» Exercise aim:
From the data, return each line holding the word "distrib".

Records shown below:

lemma ZH_as_prefix:
  assumes so: "sorted_on k q" and g: "1 \<le> g" "g \<le> h" "h \<le> k"
  shows "ZH q g h = (\<Sum>i=1..h. q i - cap0 q (g - 1))"
proof -
  have "(\<Sum>i=1..h. q i - cap0 q (g - 1))
      = (\<Sum>i=1..g-1. q i - cap0 q (g - 1)) + (\<Sum>i=g..h. q i - cap0 q (g - 1))"
    by (rule sum_split_at) (use g in auto)
  moreover have "(\<Sum>i=1..g-1. q i - cap0 q (g - 1)) = 0"
    using sorted_below_choice[OF so, of g] g by (intro sum.neutral) auto
  moreover have "ZH q g h = (\<Sum>i=g..h. q i - cap0 q (g - 1))"
    unfolding ZH_def by (rule sum.cong) (use g in auto)
  ultimately show ?thesis by simp
qed

text \<open>The window of a test at \<open>(g, h)\<close> never exceeds the slots of agents \<open>1..h\<close>, so
  it lies within the remaining task sequence.\<close>
lemma ZL_ZH_le_prefix:
  assumes "1 \<le> g" "g \<le> h"
  shows "ZL q g h + ZH q g h \<le> (\<Sum>i=1..h. q i)"
proof -
  define w where "w = cap0 q (g - 1)"
  have zl: "ZL q g h = (\<Sum>i=1..h-1. min (q i) w)" unfolding ZL_def w_def by (rule sum.cong) auto
  have zh: "ZH q g h = (\<Sum>i=g..h. q i - w)" unfolding ZH_def w_def by (rule sum.cong) (use assms in auto)
  have "ZH q g h \<le> (\<Sum>i=1..h. q i - w)" unfolding zh by (rule sum_mono2) (use assms in auto)
  also have "\<dots> = (\<Sum>i=1..h-1. q i - w) + (q h - w)" by (rule sum_split_last) (use assms in auto)
  finally have a: "ZH q g h \<le> (\<Sum>i=1..h-1. q i - w) + (q h - w)" .
  have "(\<Sum>i=1..h-1. min (q i) w) + (\<Sum>i=1..h-1. q i - w) = (\<Sum>i=1..h-1. min (q i) w + (q i - w))"
    by (simp add: sum.distrib)
  also have "\<dots> = (\<Sum>i=1..h-1. q i)" by (rule sum.cong) auto
  finally have b: "(\<Sum>i=1..h-1. min (q i) w) + (\<Sum>i=1..h-1. q i - w) = (\<Sum>i=1..h-1. q i)" .
  have c: "(\<Sum>i=1..h. q i) = (\<Sum>i=1..h-1. q i) + q h" by (rule sum_split_last) (use assms in auto)
  show ?thesis using a b c zl by linarith
qed

lemma ZL_ZH_le_total: assumes "1 \<le> g" "g \<le> h" "h \<le> k" "N = (\<Sum>i=1..k. q i)"
  shows "ZL q g h + ZH q g h \<le> N"
proof -
  have "(\<Sum>i=1..h. q i) \<le> (\<Sum>i=1..k. q i)" by (rule sum_mono2) (use assms in auto)
  then show ?thesis using ZL_ZH_le_prefix[OF assms(1,2), of q] assms(4) by linarith
qed

lemma card_exceeding_first:
  assumes vals: "\<forall>i\<in>{1..N}. S i = H \<or> S i = L" and HL: "(H::real) < L" and Z: "Z \<le> N" and N: "1 \<le> N"
  shows "S 1 = L \<Longrightarrow> card {i\<in>{1..Z}. S i > S 1} = 0"
    and "S 1 \<noteq> L \<Longrightarrow> card {i\<in>{1..Z}. S i > S 1} = Z - num_H (\<lambda>i. S i = L) Z"
proof -
  assume s1: "S 1 = L"
  have "{i\<in>{1..Z}. S i > S 1} = {}"
  proof (rule ccontr)
    assume "{i\<in>{1..Z}. S i > S 1} \<noteq> {}"
    then obtain i where i: "i \<in> {1..Z}" "S i > S 1" by blast
    then have "i \<in> {1..N}" using Z by auto
    then have "S i = H \<or> S i = L" using vals by blast
    then show False using i s1 HL by auto
  qed
  then show "card {i\<in>{1..Z}. S i > S 1} = 0" by simp
next
  assume s1: "S 1 \<noteq> L"
  then have sH: "S 1 = H" using vals N by auto
  have "{i\<in>{1..Z}. S i > S 1} = {i\<in>{1..Z}. S i = L}"
  proof (intro Collect_cong conj_cong refl)
    fix i assume "i \<in> {1..Z}"
    then have "i \<in> {1..N}" using Z by auto
    then have "S i = H \<or> S i = L" using vals by blast
    then show "(S i > S 1) = (S i = L)" using sH HL by auto
  qed
  then show "card {i\<in>{1..Z}. S i > S 1} = Z - num_H (\<lambda>i. S i = L) Z"
    using card_L_eq_num_L[of Z "\<lambda>i. S i = L"] num_L_plus_num_H[of "\<lambda>i. S i = L" Z] by simp
qed

lemma first_crossing:
  fixes F :: "nat \<Rightarrow> nat"
  assumes "F 0 \<le> b" "b < F k"
  shows "\<exists>h. 1 \<le> h \<and> h \<le> k \<and> F (h - 1) \<le> b \<and> b < F h"
  using assms(2)
proof (induction k)
  case (Suc k)
  show ?case
  proof (cases "b < F k")
    case True
    then show ?thesis using Suc.IH by (metis le_SucI)
  qed (use Suc.prems in auto)
qed (use assms(1) in simp)

text \<open>If every test of agent \<open>g\<close> fails for an H task, then with threshold
  \<open>cap0 q (g - 1)\<close> every prefix contains more H tasks than forced high placements.
  The window of the first failing test that reaches beyond the available budget
  witnesses this.\<close>
lemma min_high_lt_num_H_if_rejected:
  assumes so: "sorted_on k q" and N: "N = (\<Sum>i=1..k. q i)" and g: "1 \<le> g" "g \<le> k"
    and fail: "\<forall>h\<in>{g..k}. ZH q g h < num_H isL (ZL q g h + ZH q g h)"
    and nL: "\<not> isL 1" and j: "1 \<le> j" "j \<le> N"
  shows "min_high k (cap0 q (g - 1)) q j < num_H isL j"
proof -
  define w where "w = cap0 q (g - 1)"
  define b where "b = num_H isL j - 1"
  have Hjb: "num_H isL j = Suc b" using num_H_pos[of isL j, OF nL j(1)] b_def by simp
  define F where "F h = (\<Sum>i=1..h. q i - w)" for h
  have "j \<le> b + low_room k w q b"
  proof (cases "b < F k")
    case True
    obtain h0 where h0: "1 \<le> h0" "h0 \<le> k" "F (h0 - 1) \<le> b" "b < F h0"
      using first_crossing[of F b k] True by (auto simp: F_def)
    have gh0: "g \<le> h0"
    proof (rule ccontr)
      assume "\<not> g \<le> h0"
      then have "F h0 = 0"
        unfolding F_def w_def using sorted_below_choice[OF so g(2)] by (intro sum.neutral) auto
      then show False using h0 by simp
    qed
    have zh: "ZH q g h0 = F h0" unfolding F_def w_def by (rule ZH_as_prefix) (use so g gh0 h0 in auto)
    have G: "ZL q g h0 \<le> low_room k w q b"
      unfolding ZL_as_prefix w_def[symmetric] by (rule low_room_ge) (use h0 in \<open>auto simp: F_def\<close>)
    define Z where "Z = ZL q g h0 + ZH q g h0"
    have f: "ZH q g h0 < num_H isL Z" using fail gh0 h0 unfolding Z_def by auto
    show ?thesis
    proof (cases "j \<le> Z")
      case True
      then show ?thesis using num_L_mono[OF True, of isL] num_L_plus_num_H[of isL Z]
          num_L_plus_num_H[of isL j] f G Hjb Z_def by linarith
    next
      case False
      then show ?thesis using num_H_mono[of Z j isL] f zh h0 Hjb by linarith
    qed
  next
    case False
    have G: "(\<Sum>i=1..k. min (q i) w) \<le> low_room k w q b"
      by (rule low_room_ge) (use False in \<open>auto simp: F_def\<close>)
    have "(\<Sum>i=1..k. min (q i) w) + F k = (\<Sum>i=1..k. min (q i) w + (q i - w))"
      unfolding F_def by (simp add: sum.distrib)
    also have "\<dots> = N" unfolding N by (rule sum.cong) auto
    finally show ?thesis using G False j(2) by linarith
  qed
  then have "min_high k w q j \<le> b" by (rule min_high_le)
  then show ?thesis using Hjb w_def by simp
qed

lemma gap_prefix_sums:
  assumes so: "sorted_on k q" and uw: "u < w" "w < q g" and g: "1 \<le> g" "g \<le> h" "h \<le> k"
  shows "(\<Sum>i=1..g-1. q i - u) + (\<Sum>i=g..h. q i - w) + Suc (h - g) \<le> (\<Sum>i=1..h. q i - u)"
    and "(\<Sum>i=1..h. min (q i) u) = (\<Sum>i=1..g-1. min (q i) u) + Suc (h - g) * u"
proof -
  have big: "q g \<le> q i" if "i \<in> {g..h}" for i using sorted_onD[OF so, of g i] that g by auto
  have "(\<Sum>i=g..h. q i - w) + Suc (h - g) = (\<Sum>i=g..h. (q i - w) + 1)"
    by (subst sum.distrib) (use g in simp)
  also have "\<dots> \<le> (\<Sum>i=g..h. q i - u)" by (rule sum_mono) (use big uw in force)
  finally show "(\<Sum>i=1..g-1. q i - u) + (\<Sum>i=g..h. q i - w) + Suc (h - g) \<le> (\<Sum>i=1..h. q i - u)"
    using sum_split_at[of g h "\<lambda>i. q i - u"] g by linarith
  have "(\<Sum>i=g..h. min (q i) u) = (\<Sum>i=g..h. u)" by (rule sum.cong) (use big uw in force)+
  then show "(\<Sum>i=1..h. min (q i) u) = (\<Sum>i=1..g-1. min (q i) u) + Suc (h - g) * u"
    using sum_split_at[of g h "\<lambda>i. min (q i) u"] g by (simp add: Suc_diff_le)
qed

lemma ZL_at_gap:
  assumes so: "sorted_on k q" and g: "2 \<le> g" "g \<le> h" "h \<le> k" and gap: "q (g - 1) < q g"
  shows "ZL q g h = (\<Sum>i=1..g-1. q i) + (h - g) * q (g - 1)"
proof -
  define w where "w = q (g - 1)"
  have cw: "cap0 q (g - 1) = w" using g by (simp add: w_def)
  have low: "min (q i) w = q i" if "1 \<le> i" "i < g" for i
    using sorted_below_choice[OF so, of g i] that g cw by simp
  have high: "min (q i) w = w" if "g \<le> i" "i \<le> h" for i
    using sorted_onD[OF so, of g i] that g gap by (simp add: w_def)
  have "ZL q g h = (\<Sum>i=1..g-1. min (q i) w) + (\<Sum>i=g..h-1. min (q i) w)"
    unfolding ZL_as_prefix cw by (rule sum_split_at) (use g in auto)
  also have "\<dots> = (\<Sum>i=1..g-1. q i) + (\<Sum>i=g..h-1. w)"
    using low high g by (intro arg_cong2[where f="(+)"] sum.cong) auto
  finally show ?thesis using g by (simp add: w_def)
qed

text \<open>If an H task is accepted by agent \<open>g \<ge> 2\<close> whose predecessor has capacity
  \<open>w = q (g - 1)\<close> above \<open>u\<close>, the high capacity of the agents before \<open>g\<close> is dominated by
  the potential term of the accepting window \<open>Z = ZL + ZH\<close>: otherwise the forced high
  placements of \<open>Z\<close> would leave too little low room (\<open>low_room_below_prefix\<close>).\<close>
lemma prefix_high_le_potential_term:
  assumes so: "sorted_on k q" and g: "2 \<le> g" "g \<le> k"
    and uw: "u < q (g - 1)" "q (g - 1) < q g" and h: "g \<le> h" "h \<le> k"
    and pass: "num_H isL (ZL q g h + ZH q g h) \<le> ZH q g h"
  shows "int (\<Sum>i=1..g-1. q i - u)
    \<le> int (min_high k u q (ZL q g h + ZH q g h)) - int (num_H isL (ZL q g h + ZH q g h))"
proof -
  define w where "w = q (g - 1)"
  define Z where "Z = ZL q g h + ZH q g h"
  define P where "P = (\<Sum>i=1..g-1. q i - u)"
  have zh: "ZH q g h = (\<Sum>i=g..h. q i - w)" unfolding ZH_def by (rule sum.cong) (use g in \<open>auto simp: w_def\<close>)
  have zl: "ZL q g h = (\<Sum>i=1..g-1. q i) + (h - g) * w"
    unfolding w_def by (rule ZL_at_gap[OF so g(1) h uw(2)])
  have split: "(\<Sum>i=1..g-1. min (q i) u) + P = (\<Sum>i=1..g-1. q i)"
    unfolding P_def sum.distrib[symmetric] by (rule sum.cong) auto
  note sums = gap_prefix_sums[OF so, of u w g h]
  have key: "P + ZH q g h \<le> min_high k u q Z"
  proof (rule ccontr)
    assume "\<not> P + ZH q g h \<le> min_high k u q Z"
    then have a: "min_high k u q Z < P + ZH q g h" by simp
    have lt: "min_high k u q Z < (\<Sum>i=1..h. q i - u)"
      using a sums(1) uw g h zh unfolding P_def w_def by fastforce
    have "low_room k u q (min_high k u q Z) + u \<le> (\<Sum>i=1..h. min (q i) u)"
      by (rule low_room_below_prefix[OF so _ h(2) lt]) (use g h in auto)
    then have "low_room k u q (min_high k u q Z) \<le> (\<Sum>i=1..g-1. min (q i) u) + (h - g) * u"
      using sums(2) uw g h by (simp add: w_def)
    moreover have "Z \<le> min_high k u q Z + low_room k u q (min_high k u q Z)" by (rule min_high_spec)
    moreover have "(h - g) * u \<le> (h - g) * w" using uw by (simp add: w_def)
    ultimately show False using a split zl Z_def by linarith
  qed
  show ?thesis using key pass unfolding Z_def[symmetric] P_def[symmetric] by linarith
qed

End of Records shown.

» Problem solution:
    by (simp add: sum.distrib)
      unfolding F_def by (simp add: sum.distrib)
    by (subst sum.distrib) (use g in simp)
    unfolding P_def sum.distrib[symmetric] by (rule sum.cong) auto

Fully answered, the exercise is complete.